案例:分类模型
step1:编数据
from sklearn import datasets
X, y = datasets. \
make_classification(n_samples=1000,
n_features=10,
n_informative=5,
n_redundant=2, # 用 n_informative 线性组合出这么多个特征
n_classes=3,
n_clusters_per_class=1,
flip_y=0.05 # 随机交换这么多比例的y,以制造噪声
)
from sklearn import model_selection
X_train, X_test, y_train, y_test = model_selection.train_test_split(X, y, test_size=0.2)
step2:构建神经网络
import torch
import torch.nn as nn
import torch.nn.functional as F
class MyNet(nn.Module):
def __init__(self):
super(MyNet, self).__init__()
self.fc1 = nn.Linear(10, 10)
self.fc2 = nn.Linear(10, 3)
def forward(self, x):
x = F.relu(self.fc1(x))
x = F.relu(self.fc2(x))
return x
my_net = MyNet()
# print(my_net) # 打印网络的基本情况
# my_net.state_dict() 看详细情况
# net.parameters() # <generator of Parameter>,用法类似 tonsor,例如:
# [params.size() for params in net.parameters()]
step3: 定义参数和损失函数
epochs = 50
criterion = nn.CrossEntropyLoss()
# 这个criterion是这样的:预测值是倒数第二层的输出,真实值label而不是OneHot
# 对于回归类的问题,可以用 criterion = nn.MSELoss()
optimizer = torch.optim.SGD(my_net.parameters(), lr=0.001, momentum=0.9)
step4:训练
X_test_tensor = torch.tensor(X_test, dtype=torch.float)
y_test_tensor = torch.tensor(y_test, dtype=torch.long)
for epoch in range(epochs):
for i in range(1000):
# 送入训练数据
X_train_tensor = torch.tensor(X_train, dtype=torch.float)
y_train_tensor = torch.tensor(y_train, dtype=torch.long)
# 每次迭代都要清空梯度
optimizer.zero_grad()
# 前向传播
y_hat = my_net(X_train_tensor)
# 计算损失
loss = criterion(y_hat, y_train_tensor)
# 反向传播
loss.backward()
# 更新权重参数值
optimizer.step()
if epoch % 2 == 0:
print("epoch = {}, loss on train {:.5f}, loss on test {:.5f}"
.format(epoch
, loss.item()
, criterion(my_net(X_test_tensor), y_test_tensor).item()))
step5:模型的保存和读取
torch.save(my_net.state_dict(), 'my_model.pkl')

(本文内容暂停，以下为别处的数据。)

(* In the setting of the context with equal cluster sizes $n_1=\dots=n_k=n/k$, suppose $n\ge\frac{2k(1-\eta)}{1-2\eta}$. Then: (1) If $\tau^+>0,\tau^-\ge0$ satisfy $\tau^+>\frac{32\eta k}{3(1-2\eta)}$ and $\tau^-<\min\{\frac32,\frac3{16}\tau^+,\frac{3(1-\eta)}{8(\eta+\frac{1-2\eta}k)}\}$, then $V_k(\bar T)=\Theta R$ for a $k\times k$ rotation $R$, and $\|(C_e^-)^{-1/2}C_e^+(C_e^-)^{-1/2}\|<\left(1-\frac{1-2\eta}{2k(1-\eta)}\right)\frac{\alpha^+}{\alpha^-}$, i.e. $\lambda_{n-k}(\bar T)-\lambda_{n-k+1}(\bar T)>\frac{1-2\eta}{2k(1-\eta)}\frac{\alpha^+}{\alpha^-}$. (2) If $\eta<\frac1{3k+2}$ and $\tau^+>0,\tau^-\ge0$ satisfy $\tau^-<\min\left\{\frac{\frac{1-2\eta}k-\eta}{\frac{1-2\eta}k+\eta},\frac12,\frac{\tau^+}8\right\}$, then $V_k(\bar T)=\Theta R$ and $\|(C_e^-)^{-1/2}C_e^+(C_e^-)^{-1/2}\|<\frac{\alpha^+}{2\alpha^-}$, i.e. $\lambda_{n-k}(\bar T)-\lambda_{n-k+1}(\bar T)>\frac{\alpha^+}{2\alpha^-}$.
   Context: SSBM: integers $n\ge2$, $k\ge2$, $p\in(0,1]$, $\eta\in[0,1/2)$, partition of $[n]$ into clusters $C_1,\dots,C_k$ each of size $n/k$; edges present independently w.p. $p$, signed $+1$ within and $-1$ across clusters, signs flipped independently w.p. $\eta$. $A^\pm$ positive/negative adjacency matrices, $D^\pm=\mathrm{diag}(A^\pm\mathbf1)$. $\Theta_{ji}=\sqrt{k/n}$ if $j\in C_i$ else 0. $\overline{L^\pm_{sym}}=I-(\mathbb ED^\pm)^{-1/2}\mathbb EA^\pm(\mathbb ED^\pm)^{-1/2}$, $\bar T=(\overline{L^-_{sym}}+\tau^+I)^{-1/2}(\overline{L^+_{sym}}+\tau^-I)(\overline{L^-_{sym}}+\tau^+I)^{-1/2}$, eigenvalues $\lambda_1(\bar T)\ge\dots\ge\lambda_n(\bar T)$, $V_k(\bar T)$ orthonormal eigenvectors of the $k$ smallest. Expected degrees $d^+=p(\frac nk(1-2\eta)+n\eta-(1-\eta))$, $d^-=p(n(1-\eta)-\frac nk(1-2\eta)-\eta)$; $\alpha^+=1+\tau^-+p(1-\eta)/d^+$, $\alpha^-=1+\tau^++p\eta/d^-$. With $\chi_1=\frac1{\sqrt k}\mathbf1_k$: $C_e^+=-p\eta\frac n{d^+}\chi_1\chi_1^\top+\big(1+\tau^-+\frac p{d^+}(1-\eta-\frac nk(1-2\eta))\big)I_k$, $C_e^-=-p(1-\eta)\frac n{d^-}\chi_1\chi_1^\top+\big(1+\tau^++\frac p{d^-}(\eta+\frac nk(1-2\eta))\big)I_k$. *)

theory Defs
  imports "Jordan_Normal_Form.Char_Poly"
begin

definition vnorm :: "real vec \<Rightarrow> real" where
  "vnorm v = sqrt (v \<bullet> v)"

definition op_norm :: "real mat \<Rightarrow> real" where
  "op_norm M = Sup {vnorm (M *\<^sub>v v) | v. v \<in> carrier_vec (dim_col M) \<and> vnorm v = 1}"

definition posdef :: "real mat \<Rightarrow> bool" where
  "posdef S \<longleftrightarrow> (\<forall>v \<in> carrier_vec (dim_row S). v \<noteq> 0\<^sub>v (dim_row S) \<longrightarrow> v \<bullet> (S *\<^sub>v v) > 0)"

definition mat_inv_sqrt :: "real mat \<Rightarrow> real mat" where
  "mat_inv_sqrt A = (THE S. S \<in> carrier_mat (dim_row A) (dim_row A) \<and> transpose_mat S = S
      \<and> posdef S \<and> S * S * A = 1\<^sub>m (dim_row A))"

text \<open>Eigenvalues (with algebraic multiplicity) of a real square matrix all of whose
  eigenvalues are real, listed in non-increasing order:
  \<open>eigvals_desc A ! (i-1) = \<lambda>_i(A)\<close>, so \<open>\<lambda>_1 \<ge> \<dots> \<ge> \<lambda>_n\<close>.\<close>
definition eigvals_desc :: "real mat \<Rightarrow> real list" where
  "eigvals_desc A = (THE ls. length ls = dim_row A \<and> sorted_wrt (\<ge>) ls
      \<and> char_poly A = prod_list (map (\<lambda>a. [:- a, 1:]) ls))"

definition deg_mat :: "real mat \<Rightarrow> real mat" where
  "deg_mat A = mat (dim_row A) (dim_row A)
      (\<lambda>(i,j). if i = j then (\<Sum>l<dim_col A. A $$ (i,l)) else 0)"

definition sym_laplacian :: "real mat \<Rightarrow> real mat \<Rightarrow> real mat" where
  "sym_laplacian D A = 1\<^sub>m (dim_row A) - mat_inv_sqrt D * A * mat_inv_sqrt D"

text \<open>Nodes are \<open>0..<n\<close>, clusters are \<open>0..<k\<close>; \<open>c j\<close> is the cluster of node \<open>j\<close>.
  Expected positive / negative adjacency matrices (no self loops): an edge is present
  w.p. \<open>p\<close>; it is positive within clusters and negative across clusters, and its sign
  is flipped w.p. \<open>\<eta>\<close>.\<close>
definition EAp :: "nat \<Rightarrow> real \<Rightarrow> real \<Rightarrow> (nat \<Rightarrow> nat) \<Rightarrow> real mat" where
  "EAp n p eta c = mat n n (\<lambda>(i,j). if i = j then 0
       else if c i = c j then p * (1 - eta) else p * eta)"

definition EAm :: "nat \<Rightarrow> real \<Rightarrow> real \<Rightarrow> (nat \<Rightarrow> nat) \<Rightarrow> real mat" where
  "EAm n p eta c = mat n n (\<lambda>(i,j). if i = j then 0
       else if c i = c j then p * eta else p * (1 - eta))"

definition Theta :: "nat \<Rightarrow> nat \<Rightarrow> (nat \<Rightarrow> nat) \<Rightarrow> real mat" where
  "Theta n k c = mat n k (\<lambda>(j,i). if c j = i then sqrt (real k / real n) else 0)"

definition Lp_bar :: "nat \<Rightarrow> real \<Rightarrow> real \<Rightarrow> (nat \<Rightarrow> nat) \<Rightarrow> real mat" where
  "Lp_bar n p eta c = sym_laplacian (deg_mat (EAp n p eta c)) (EAp n p eta c)"

definition Lm_bar :: "nat \<Rightarrow> real \<Rightarrow> real \<Rightarrow> (nat \<Rightarrow> nat) \<Rightarrow> real mat" where
  "Lm_bar n p eta c = sym_laplacian (deg_mat (EAm n p eta c)) (EAm n p eta c)"

definition T_bar :: "nat \<Rightarrow> real \<Rightarrow> real \<Rightarrow> (nat \<Rightarrow> nat) \<Rightarrow> real \<Rightarrow> real \<Rightarrow> real mat" where
  "T_bar n p eta c taup taum =
     (let S = mat_inv_sqrt (Lm_bar n p eta c + taup \<cdot>\<^sub>m 1\<^sub>m n)
      in S * (Lp_bar n p eta c + taum \<cdot>\<^sub>m 1\<^sub>m n) * S)"

text \<open>\<open>V\<close> is an admissible \<open>V_k(T)\<close>: an \<open>n \<times> k\<close> matrix with orthonormal columns, column \<open>j\<close>
  (0-based) being an eigenvector for \<open>\<lambda>_{n-k+1+j}(T)\<close>, i.e. the columns are orthonormal
  eigenvectors for the \<open>k\<close> smallest eigenvalues.\<close>
definition is_Vk :: "nat \<Rightarrow> nat \<Rightarrow> real mat \<Rightarrow> real mat \<Rightarrow> bool" where
  "is_Vk n k T V \<longleftrightarrow> V \<in> carrier_mat n k \<and> transpose_mat V * V = 1\<^sub>m k
     \<and> (\<forall>j<k. T *\<^sub>v col V j = (eigvals_desc T ! (n - k + j)) \<cdot>\<^sub>v col V j)"

definition dp :: "nat \<Rightarrow> nat \<Rightarrow> real \<Rightarrow> real \<Rightarrow> real" where
  "dp n k p eta = p * (real n / real k * (1 - 2*eta) + real n * eta - (1 - eta))"

definition dm :: "nat \<Rightarrow> nat \<Rightarrow> real \<Rightarrow> real \<Rightarrow> real" where
  "dm n k p eta = p * (real n * (1 - eta) - real n / real k * (1 - 2*eta) - eta)"

definition alphap :: "nat \<Rightarrow> nat \<Rightarrow> real \<Rightarrow> real \<Rightarrow> real \<Rightarrow> real" where
  "alphap n k p eta taum = 1 + taum + p * (1 - eta) / dp n k p eta"

definition alpham :: "nat \<Rightarrow> nat \<Rightarrow> real \<Rightarrow> real \<Rightarrow> real \<Rightarrow> real" where
  "alpham n k p eta taup = 1 + taup + p * eta / dm n k p eta"

definition chi1_outer :: "nat \<Rightarrow> real mat" where
  "chi1_outer k = (let chi = vec k (\<lambda>_. 1 / sqrt (real k)) in
      mat k k (\<lambda>(i,j). chi $ i * chi $ j))"

definition Cep :: "nat \<Rightarrow> nat \<Rightarrow> real \<Rightarrow> real \<Rightarrow> real \<Rightarrow> real mat" where
  "Cep n k p eta taum =
     (- p * eta * real n / dp n k p eta) \<cdot>\<^sub>m chi1_outer k
     + (1 + taum + p / dp n k p eta * (1 - eta - real n / real k * (1 - 2*eta))) \<cdot>\<^sub>m 1\<^sub>m k"

definition Cem :: "nat \<Rightarrow> nat \<Rightarrow> real \<Rightarrow> real \<Rightarrow> real \<Rightarrow> real mat" where
  "Cem n k p eta taup =
     (- p * (1 - eta) * real n / dm n k p eta) \<cdot>\<^sub>m chi1_outer k
     + (1 + taup + p / dm n k p eta * (eta + real n / real k * (1 - 2*eta))) \<cdot>\<^sub>m 1\<^sub>m k"

definition Ce_mat :: "nat \<Rightarrow> nat \<Rightarrow> real \<Rightarrow> real \<Rightarrow> real \<Rightarrow> real \<Rightarrow> real mat" where
  "Ce_mat n k p eta taup taum =
     mat_inv_sqrt (Cem n k p eta taup) * Cep n k p eta taum * mat_inv_sqrt (Cem n k p eta taup)"

end

theory Submission
  imports Defs
begin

my_net.load_state_dict(torch.load('my_model.pkl'))
step6:使用模型
_, y_predicted = torch.max(my_net(X_test_tensor), 1)
from sklearn import metrics
print('confusion_matrix = \n', metrics.confusion_matrix(y_predicted, y_test))
注解
如何使用GPU?
device = torch.device("cuda:0" if torch.cuda.is_available() else "cpu")
# 1. 模型放入 GPU
model.to(device) # 模型
# 2. 数据也都放入 GPU
mytensor = my_tensor.to(device) # tensor
model = nn.DataParallel(model)
案例:回归模型
比上面的案例额外多了
- 数据标准化
- 用 DataLoader 划分 batch
# 编数据
from sklearn import datasets
from sklearn import model_selection
from sklearn import preprocessing
import numpy as np
X, y, coef = \
datasets.make_regression(n_samples=1000,
n_features=5,
n_informative=3, # 其中,3个feature是有信息的
n_targets=1, # 多少个 target
bias=1, # 就是 intercept
coef=True, # 为True时,会返回真实的coef值
noise=0.001, # 噪声的标准差
)
X_train, X_test, y_train, y_test = model_selection.train_test_split(X.astype(np.float32),
y.reshape(-1, 1).astype(np.float32), test_size=0.2)
# 必须标准化
X_Scaler, y_Scaler = preprocessing.StandardScaler(), preprocessing.StandardScaler()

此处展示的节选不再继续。